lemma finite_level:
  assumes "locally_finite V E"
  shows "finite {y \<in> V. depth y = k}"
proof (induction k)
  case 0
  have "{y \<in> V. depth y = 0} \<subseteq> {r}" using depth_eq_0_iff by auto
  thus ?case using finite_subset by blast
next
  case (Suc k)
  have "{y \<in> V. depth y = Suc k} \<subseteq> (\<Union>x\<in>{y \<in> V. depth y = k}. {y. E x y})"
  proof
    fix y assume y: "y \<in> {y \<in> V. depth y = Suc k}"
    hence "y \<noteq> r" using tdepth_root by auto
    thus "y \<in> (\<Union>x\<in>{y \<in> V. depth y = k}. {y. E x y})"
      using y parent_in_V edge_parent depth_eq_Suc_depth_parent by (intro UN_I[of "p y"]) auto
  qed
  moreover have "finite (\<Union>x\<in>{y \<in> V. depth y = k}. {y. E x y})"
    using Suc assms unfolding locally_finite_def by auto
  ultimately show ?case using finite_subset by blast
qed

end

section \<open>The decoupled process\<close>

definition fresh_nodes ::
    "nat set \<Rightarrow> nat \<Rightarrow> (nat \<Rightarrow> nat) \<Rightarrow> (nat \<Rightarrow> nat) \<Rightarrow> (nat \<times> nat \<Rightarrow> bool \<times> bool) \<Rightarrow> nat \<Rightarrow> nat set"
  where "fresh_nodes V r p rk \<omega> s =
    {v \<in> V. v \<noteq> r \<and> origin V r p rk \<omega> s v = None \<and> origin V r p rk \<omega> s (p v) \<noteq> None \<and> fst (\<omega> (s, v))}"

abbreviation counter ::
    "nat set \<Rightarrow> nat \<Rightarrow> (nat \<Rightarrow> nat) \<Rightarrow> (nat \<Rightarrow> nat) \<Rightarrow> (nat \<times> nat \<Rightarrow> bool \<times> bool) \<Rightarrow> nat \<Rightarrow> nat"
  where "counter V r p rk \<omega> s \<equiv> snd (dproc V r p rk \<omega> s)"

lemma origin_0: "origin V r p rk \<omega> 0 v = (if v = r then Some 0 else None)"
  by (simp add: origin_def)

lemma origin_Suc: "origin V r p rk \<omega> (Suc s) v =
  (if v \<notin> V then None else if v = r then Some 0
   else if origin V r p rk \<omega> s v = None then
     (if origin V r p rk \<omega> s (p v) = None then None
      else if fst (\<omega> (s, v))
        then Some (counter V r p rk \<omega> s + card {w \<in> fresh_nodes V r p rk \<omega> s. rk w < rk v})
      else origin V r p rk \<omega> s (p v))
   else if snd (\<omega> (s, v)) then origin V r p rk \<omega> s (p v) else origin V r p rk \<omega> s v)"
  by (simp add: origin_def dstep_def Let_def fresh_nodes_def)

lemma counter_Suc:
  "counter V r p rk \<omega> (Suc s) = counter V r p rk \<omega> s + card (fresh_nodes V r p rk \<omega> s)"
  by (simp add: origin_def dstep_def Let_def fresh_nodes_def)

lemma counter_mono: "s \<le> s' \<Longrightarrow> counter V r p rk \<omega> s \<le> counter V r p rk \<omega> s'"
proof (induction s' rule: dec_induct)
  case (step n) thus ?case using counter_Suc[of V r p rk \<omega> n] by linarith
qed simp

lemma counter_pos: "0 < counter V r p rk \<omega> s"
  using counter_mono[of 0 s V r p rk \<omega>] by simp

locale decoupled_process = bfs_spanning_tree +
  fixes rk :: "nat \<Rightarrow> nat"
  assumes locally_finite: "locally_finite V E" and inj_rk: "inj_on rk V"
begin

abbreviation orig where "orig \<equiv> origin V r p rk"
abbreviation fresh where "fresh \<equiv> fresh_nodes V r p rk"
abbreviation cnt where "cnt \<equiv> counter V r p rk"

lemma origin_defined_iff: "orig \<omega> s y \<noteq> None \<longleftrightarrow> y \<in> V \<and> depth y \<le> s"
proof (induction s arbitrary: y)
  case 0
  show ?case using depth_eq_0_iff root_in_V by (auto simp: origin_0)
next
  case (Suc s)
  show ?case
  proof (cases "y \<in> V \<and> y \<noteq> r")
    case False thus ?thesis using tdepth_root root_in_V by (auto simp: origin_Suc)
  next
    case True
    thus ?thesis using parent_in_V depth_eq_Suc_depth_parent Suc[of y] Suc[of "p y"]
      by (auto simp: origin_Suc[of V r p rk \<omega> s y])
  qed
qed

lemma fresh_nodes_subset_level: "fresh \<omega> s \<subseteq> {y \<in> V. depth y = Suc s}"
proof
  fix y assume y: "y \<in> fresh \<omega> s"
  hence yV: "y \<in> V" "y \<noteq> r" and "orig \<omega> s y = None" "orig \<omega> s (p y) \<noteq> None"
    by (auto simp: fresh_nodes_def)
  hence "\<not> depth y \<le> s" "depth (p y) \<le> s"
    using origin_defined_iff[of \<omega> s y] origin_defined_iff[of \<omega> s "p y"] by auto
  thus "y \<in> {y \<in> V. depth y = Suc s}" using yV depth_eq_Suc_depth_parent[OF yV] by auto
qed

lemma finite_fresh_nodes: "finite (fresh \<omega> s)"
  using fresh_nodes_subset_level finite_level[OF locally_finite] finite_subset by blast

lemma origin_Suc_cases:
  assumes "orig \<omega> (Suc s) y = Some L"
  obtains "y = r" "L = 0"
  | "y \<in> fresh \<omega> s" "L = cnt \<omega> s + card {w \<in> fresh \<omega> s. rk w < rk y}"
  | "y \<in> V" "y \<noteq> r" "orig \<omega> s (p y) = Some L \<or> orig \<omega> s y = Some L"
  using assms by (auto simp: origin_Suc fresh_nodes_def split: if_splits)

- - -

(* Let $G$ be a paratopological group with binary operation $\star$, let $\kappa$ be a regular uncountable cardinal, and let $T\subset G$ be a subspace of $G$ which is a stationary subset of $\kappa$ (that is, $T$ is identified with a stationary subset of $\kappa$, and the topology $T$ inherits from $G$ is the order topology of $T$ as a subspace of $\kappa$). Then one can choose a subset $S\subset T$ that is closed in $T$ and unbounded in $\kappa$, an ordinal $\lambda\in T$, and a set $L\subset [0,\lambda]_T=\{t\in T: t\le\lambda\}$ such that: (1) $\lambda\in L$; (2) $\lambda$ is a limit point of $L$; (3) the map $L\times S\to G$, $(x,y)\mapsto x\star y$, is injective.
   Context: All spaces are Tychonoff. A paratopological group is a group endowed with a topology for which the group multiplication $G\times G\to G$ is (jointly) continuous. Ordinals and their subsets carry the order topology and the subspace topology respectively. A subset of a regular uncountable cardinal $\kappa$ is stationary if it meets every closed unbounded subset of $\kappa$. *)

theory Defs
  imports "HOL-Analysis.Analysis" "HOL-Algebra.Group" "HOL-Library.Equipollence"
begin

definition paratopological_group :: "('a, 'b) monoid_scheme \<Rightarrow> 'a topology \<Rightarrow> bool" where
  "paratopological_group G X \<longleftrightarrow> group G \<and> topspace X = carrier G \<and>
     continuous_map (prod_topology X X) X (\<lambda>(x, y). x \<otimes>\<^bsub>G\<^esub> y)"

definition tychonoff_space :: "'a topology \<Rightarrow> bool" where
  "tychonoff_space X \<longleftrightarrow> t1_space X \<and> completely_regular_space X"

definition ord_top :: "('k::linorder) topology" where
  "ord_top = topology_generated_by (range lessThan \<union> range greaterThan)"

- - -

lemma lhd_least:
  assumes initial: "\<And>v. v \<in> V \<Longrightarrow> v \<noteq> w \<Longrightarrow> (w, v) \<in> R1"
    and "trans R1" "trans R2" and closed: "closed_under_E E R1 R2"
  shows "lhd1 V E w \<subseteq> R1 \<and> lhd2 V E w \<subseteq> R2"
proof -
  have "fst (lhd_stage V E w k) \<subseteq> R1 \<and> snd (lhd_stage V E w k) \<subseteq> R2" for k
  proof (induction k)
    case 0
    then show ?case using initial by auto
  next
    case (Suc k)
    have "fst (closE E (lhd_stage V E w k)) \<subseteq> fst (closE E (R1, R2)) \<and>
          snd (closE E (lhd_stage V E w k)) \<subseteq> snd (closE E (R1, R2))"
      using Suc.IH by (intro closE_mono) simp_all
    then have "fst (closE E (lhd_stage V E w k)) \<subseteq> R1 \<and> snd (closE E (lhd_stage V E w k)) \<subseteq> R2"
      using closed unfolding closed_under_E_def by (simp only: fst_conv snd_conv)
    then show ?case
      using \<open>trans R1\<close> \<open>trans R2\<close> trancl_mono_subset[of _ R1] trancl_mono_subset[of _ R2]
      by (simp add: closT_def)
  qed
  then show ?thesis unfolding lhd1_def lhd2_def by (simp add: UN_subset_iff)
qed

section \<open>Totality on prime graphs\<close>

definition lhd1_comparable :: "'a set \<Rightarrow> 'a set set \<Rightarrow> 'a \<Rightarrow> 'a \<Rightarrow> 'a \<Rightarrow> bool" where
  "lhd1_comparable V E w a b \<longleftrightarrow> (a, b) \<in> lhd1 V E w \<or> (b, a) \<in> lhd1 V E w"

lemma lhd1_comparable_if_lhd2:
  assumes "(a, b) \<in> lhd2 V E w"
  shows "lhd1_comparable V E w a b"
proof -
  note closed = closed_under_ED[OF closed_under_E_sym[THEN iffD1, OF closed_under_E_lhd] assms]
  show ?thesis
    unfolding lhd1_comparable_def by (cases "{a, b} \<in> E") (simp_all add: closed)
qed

- - -

- **Work task**
Once you reach the line with "(if v \<notin>" in the data above, copy it and every line after it exactly, up to and including the line with "else if snd".

- **Exercise solution**
  (if v \<notin> V then None else if v = r then Some 0
   else if origin V r p rk \<omega> s v = None then
     (if origin V r p rk \<omega> s (p v) = None then None
      else if fst (\<omega> (s, v))
        then Some (counter V r p rk \<omega> s + card {w \<in> fresh_nodes V r p rk \<omega> s. rk w < rk v})
      else origin V r p rk \<omega> s (p v))
   else if snd (\<omega> (s, v)) then origin V r p rk \<omega> s (p v) else origin V r p rk \<omega> s v)"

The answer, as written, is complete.